### YOUR INSTRUCTIONS
The answer must be every line of the records below that contains the word "around", copied out.

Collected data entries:
* * * * * * * * *

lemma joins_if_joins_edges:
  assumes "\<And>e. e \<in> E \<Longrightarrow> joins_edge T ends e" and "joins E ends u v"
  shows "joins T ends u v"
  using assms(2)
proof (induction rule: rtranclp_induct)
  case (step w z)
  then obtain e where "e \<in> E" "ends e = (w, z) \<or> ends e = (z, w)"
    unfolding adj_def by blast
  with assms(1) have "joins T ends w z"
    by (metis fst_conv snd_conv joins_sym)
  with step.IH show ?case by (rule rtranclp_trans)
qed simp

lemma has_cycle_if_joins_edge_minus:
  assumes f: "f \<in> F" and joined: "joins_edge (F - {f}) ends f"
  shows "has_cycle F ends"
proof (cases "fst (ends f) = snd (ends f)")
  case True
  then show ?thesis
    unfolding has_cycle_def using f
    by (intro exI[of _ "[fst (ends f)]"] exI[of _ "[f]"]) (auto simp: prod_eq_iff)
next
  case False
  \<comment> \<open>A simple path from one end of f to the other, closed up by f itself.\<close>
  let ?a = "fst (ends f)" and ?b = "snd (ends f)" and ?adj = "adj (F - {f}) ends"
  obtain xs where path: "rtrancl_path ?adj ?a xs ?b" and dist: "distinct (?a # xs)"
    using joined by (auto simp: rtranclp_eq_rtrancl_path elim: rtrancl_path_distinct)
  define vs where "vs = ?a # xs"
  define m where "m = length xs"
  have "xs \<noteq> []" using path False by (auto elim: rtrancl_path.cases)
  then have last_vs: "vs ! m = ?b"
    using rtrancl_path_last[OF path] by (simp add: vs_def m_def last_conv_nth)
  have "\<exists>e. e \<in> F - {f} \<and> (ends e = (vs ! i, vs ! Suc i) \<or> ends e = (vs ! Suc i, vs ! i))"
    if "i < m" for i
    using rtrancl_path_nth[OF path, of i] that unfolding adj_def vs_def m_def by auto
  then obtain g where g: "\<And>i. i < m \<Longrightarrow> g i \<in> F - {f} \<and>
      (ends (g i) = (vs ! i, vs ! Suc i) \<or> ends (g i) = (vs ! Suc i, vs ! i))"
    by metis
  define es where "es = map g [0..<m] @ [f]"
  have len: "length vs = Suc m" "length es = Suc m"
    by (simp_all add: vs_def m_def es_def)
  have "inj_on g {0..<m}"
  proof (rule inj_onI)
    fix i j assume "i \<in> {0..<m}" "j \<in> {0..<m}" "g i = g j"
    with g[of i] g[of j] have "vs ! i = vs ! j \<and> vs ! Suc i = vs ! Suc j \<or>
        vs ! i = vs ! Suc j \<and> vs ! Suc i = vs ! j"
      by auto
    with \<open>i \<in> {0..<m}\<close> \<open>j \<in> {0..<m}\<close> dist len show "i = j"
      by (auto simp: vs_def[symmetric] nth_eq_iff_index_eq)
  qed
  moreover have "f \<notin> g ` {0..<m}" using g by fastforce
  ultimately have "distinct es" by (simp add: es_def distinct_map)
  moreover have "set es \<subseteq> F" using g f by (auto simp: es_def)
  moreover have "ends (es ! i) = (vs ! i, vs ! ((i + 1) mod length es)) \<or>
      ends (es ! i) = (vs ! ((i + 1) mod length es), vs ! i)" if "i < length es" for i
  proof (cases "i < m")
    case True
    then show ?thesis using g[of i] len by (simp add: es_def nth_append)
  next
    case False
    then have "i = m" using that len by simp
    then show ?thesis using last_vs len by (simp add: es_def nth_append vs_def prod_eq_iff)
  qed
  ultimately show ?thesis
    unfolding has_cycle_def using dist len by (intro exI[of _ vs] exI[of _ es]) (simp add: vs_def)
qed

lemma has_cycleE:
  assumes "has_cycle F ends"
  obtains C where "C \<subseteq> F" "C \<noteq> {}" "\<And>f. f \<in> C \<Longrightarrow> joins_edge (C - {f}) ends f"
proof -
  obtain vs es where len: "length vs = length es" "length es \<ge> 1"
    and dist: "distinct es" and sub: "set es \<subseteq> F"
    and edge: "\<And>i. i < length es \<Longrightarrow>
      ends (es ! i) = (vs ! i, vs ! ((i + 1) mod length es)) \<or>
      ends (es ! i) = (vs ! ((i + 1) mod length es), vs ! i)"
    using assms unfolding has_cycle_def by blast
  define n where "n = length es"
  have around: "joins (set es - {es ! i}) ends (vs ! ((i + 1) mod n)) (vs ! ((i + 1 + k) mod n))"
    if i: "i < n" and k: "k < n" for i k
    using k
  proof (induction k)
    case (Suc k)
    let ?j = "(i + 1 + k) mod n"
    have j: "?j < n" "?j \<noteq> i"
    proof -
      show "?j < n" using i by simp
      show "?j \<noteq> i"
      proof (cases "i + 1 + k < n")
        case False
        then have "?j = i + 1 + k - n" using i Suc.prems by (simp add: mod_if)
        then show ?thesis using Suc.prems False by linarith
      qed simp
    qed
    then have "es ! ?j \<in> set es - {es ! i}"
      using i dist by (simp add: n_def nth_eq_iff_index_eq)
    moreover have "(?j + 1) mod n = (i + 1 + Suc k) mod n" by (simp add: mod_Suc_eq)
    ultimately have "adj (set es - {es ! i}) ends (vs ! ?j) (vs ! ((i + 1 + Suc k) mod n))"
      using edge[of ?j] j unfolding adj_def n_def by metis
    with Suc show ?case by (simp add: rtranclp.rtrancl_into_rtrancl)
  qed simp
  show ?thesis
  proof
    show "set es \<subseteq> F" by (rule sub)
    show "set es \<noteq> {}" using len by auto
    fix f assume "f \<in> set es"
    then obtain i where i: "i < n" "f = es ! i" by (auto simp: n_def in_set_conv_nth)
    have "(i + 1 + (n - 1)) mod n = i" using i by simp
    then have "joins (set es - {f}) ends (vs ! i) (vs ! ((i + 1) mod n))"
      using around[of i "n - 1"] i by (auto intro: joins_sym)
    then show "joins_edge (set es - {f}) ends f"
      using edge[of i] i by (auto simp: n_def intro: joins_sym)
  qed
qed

* * * * * * * * *

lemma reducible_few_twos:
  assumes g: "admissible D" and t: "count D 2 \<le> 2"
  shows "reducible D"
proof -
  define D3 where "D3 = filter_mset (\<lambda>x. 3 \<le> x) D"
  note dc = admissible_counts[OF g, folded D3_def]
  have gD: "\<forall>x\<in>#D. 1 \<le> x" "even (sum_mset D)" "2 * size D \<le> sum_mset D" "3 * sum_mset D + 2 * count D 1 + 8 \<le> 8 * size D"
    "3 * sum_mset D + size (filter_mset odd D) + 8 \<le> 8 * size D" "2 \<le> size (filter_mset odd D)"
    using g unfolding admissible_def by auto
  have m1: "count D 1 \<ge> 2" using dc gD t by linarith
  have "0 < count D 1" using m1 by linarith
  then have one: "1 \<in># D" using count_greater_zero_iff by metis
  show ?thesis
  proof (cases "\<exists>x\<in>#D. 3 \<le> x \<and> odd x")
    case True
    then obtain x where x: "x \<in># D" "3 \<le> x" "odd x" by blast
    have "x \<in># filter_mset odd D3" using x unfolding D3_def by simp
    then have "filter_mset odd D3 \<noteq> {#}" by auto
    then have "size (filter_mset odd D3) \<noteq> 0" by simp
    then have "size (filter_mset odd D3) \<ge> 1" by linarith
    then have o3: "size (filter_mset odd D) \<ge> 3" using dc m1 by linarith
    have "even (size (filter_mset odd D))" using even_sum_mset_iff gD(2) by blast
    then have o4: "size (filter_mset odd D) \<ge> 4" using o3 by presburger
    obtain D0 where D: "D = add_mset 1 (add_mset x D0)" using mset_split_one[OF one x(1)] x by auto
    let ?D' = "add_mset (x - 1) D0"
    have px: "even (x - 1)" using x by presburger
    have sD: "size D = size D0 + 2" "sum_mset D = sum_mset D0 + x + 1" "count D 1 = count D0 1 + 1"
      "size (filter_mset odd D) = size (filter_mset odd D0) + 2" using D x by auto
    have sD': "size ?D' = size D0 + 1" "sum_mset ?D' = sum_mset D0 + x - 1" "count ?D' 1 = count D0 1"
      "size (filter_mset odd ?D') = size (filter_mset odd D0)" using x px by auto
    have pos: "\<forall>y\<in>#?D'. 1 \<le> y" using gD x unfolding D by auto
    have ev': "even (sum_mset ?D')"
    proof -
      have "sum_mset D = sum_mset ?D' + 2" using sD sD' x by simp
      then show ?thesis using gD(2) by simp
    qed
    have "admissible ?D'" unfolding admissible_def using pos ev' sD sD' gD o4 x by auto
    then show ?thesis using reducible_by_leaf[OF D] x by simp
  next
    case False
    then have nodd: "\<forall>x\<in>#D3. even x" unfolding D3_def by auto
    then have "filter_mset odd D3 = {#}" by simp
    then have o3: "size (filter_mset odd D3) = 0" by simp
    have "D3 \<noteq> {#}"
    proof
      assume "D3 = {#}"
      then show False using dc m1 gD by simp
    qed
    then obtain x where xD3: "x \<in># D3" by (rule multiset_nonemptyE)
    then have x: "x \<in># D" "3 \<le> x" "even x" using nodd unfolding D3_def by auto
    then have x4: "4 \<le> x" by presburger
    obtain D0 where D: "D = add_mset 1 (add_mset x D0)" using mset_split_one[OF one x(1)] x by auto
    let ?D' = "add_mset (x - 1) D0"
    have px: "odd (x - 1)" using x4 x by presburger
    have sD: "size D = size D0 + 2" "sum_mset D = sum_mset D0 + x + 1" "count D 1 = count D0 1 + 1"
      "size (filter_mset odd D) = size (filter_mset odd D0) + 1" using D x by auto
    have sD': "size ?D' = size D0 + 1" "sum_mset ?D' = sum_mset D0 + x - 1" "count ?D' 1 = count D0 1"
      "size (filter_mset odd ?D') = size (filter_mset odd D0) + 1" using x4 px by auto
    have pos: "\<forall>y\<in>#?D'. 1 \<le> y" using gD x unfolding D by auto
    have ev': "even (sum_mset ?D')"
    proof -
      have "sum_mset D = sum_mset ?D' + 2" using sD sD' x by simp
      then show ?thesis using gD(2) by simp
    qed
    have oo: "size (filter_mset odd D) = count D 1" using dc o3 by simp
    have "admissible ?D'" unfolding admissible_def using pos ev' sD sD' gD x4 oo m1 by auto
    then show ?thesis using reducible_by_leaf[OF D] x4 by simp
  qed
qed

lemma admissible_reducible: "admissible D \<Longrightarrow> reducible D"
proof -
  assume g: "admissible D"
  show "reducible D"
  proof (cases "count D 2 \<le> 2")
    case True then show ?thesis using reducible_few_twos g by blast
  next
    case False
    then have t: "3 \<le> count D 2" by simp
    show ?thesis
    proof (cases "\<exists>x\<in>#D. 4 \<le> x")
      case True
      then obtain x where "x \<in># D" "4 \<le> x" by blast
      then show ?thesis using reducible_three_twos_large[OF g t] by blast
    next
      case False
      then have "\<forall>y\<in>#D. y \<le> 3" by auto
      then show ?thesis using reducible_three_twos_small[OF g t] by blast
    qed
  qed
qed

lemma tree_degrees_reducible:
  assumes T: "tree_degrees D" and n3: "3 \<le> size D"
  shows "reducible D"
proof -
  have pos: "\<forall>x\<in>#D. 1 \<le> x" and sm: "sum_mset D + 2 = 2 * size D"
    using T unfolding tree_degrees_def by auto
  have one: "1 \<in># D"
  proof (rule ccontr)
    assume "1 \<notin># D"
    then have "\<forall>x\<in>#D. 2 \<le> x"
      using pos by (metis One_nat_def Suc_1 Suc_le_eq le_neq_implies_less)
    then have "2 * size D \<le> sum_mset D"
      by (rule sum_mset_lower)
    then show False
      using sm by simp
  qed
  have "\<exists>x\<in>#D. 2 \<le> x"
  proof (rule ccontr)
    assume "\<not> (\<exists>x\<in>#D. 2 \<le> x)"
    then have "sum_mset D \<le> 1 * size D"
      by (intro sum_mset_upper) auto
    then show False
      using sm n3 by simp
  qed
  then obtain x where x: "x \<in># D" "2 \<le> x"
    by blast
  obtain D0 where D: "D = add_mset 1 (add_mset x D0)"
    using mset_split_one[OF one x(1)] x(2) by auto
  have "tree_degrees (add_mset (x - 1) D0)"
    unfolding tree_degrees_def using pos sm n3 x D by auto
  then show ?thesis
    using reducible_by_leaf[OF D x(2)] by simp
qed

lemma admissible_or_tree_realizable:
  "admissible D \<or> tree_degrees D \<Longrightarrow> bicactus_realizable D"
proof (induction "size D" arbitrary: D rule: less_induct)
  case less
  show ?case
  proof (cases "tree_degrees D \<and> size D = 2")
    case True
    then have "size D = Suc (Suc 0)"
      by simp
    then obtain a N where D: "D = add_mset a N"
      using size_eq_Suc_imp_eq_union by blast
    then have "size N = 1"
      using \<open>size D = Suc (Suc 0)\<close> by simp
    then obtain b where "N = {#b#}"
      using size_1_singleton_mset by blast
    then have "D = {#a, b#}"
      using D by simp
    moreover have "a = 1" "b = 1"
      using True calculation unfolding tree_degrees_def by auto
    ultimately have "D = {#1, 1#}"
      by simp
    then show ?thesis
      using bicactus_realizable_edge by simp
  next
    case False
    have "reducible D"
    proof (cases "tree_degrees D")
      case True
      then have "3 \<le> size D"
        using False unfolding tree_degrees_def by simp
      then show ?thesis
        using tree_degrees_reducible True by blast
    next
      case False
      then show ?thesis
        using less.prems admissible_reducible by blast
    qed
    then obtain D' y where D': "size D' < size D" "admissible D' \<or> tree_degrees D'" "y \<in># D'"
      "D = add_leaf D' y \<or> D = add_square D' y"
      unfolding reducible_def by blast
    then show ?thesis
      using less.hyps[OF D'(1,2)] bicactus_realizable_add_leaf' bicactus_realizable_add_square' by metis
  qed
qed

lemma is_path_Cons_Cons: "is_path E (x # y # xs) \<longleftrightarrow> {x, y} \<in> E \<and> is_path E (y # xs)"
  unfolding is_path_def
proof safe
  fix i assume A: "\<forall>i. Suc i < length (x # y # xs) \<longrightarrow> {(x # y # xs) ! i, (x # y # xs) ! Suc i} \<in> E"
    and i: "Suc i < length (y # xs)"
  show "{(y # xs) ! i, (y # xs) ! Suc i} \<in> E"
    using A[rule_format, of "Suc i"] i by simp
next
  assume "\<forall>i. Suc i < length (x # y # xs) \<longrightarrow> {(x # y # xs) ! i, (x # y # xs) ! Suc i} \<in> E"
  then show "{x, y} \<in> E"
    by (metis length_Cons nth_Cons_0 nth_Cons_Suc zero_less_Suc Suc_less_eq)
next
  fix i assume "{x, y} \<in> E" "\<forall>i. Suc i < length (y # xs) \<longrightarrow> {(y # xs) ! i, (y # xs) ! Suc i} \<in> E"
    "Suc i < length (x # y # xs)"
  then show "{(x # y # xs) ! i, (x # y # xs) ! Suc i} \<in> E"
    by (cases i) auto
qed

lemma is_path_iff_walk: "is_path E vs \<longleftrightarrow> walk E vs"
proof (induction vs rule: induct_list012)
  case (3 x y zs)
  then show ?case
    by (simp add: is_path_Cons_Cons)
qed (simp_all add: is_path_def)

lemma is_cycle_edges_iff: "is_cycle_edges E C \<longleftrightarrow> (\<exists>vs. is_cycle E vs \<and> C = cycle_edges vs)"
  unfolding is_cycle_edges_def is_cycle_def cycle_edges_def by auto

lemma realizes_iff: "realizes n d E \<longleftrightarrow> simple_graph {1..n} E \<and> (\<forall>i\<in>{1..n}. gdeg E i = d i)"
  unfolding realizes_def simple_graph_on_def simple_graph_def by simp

* * * * * * * * *

### ANSWER SPACE
  have around: "joins (set es - {es ! i}) ends (vs ! ((i + 1) mod n)) (vs ! ((i + 1 + k) mod n))"
      using around[of i "n - 1"] i by (auto intro: joins_sym)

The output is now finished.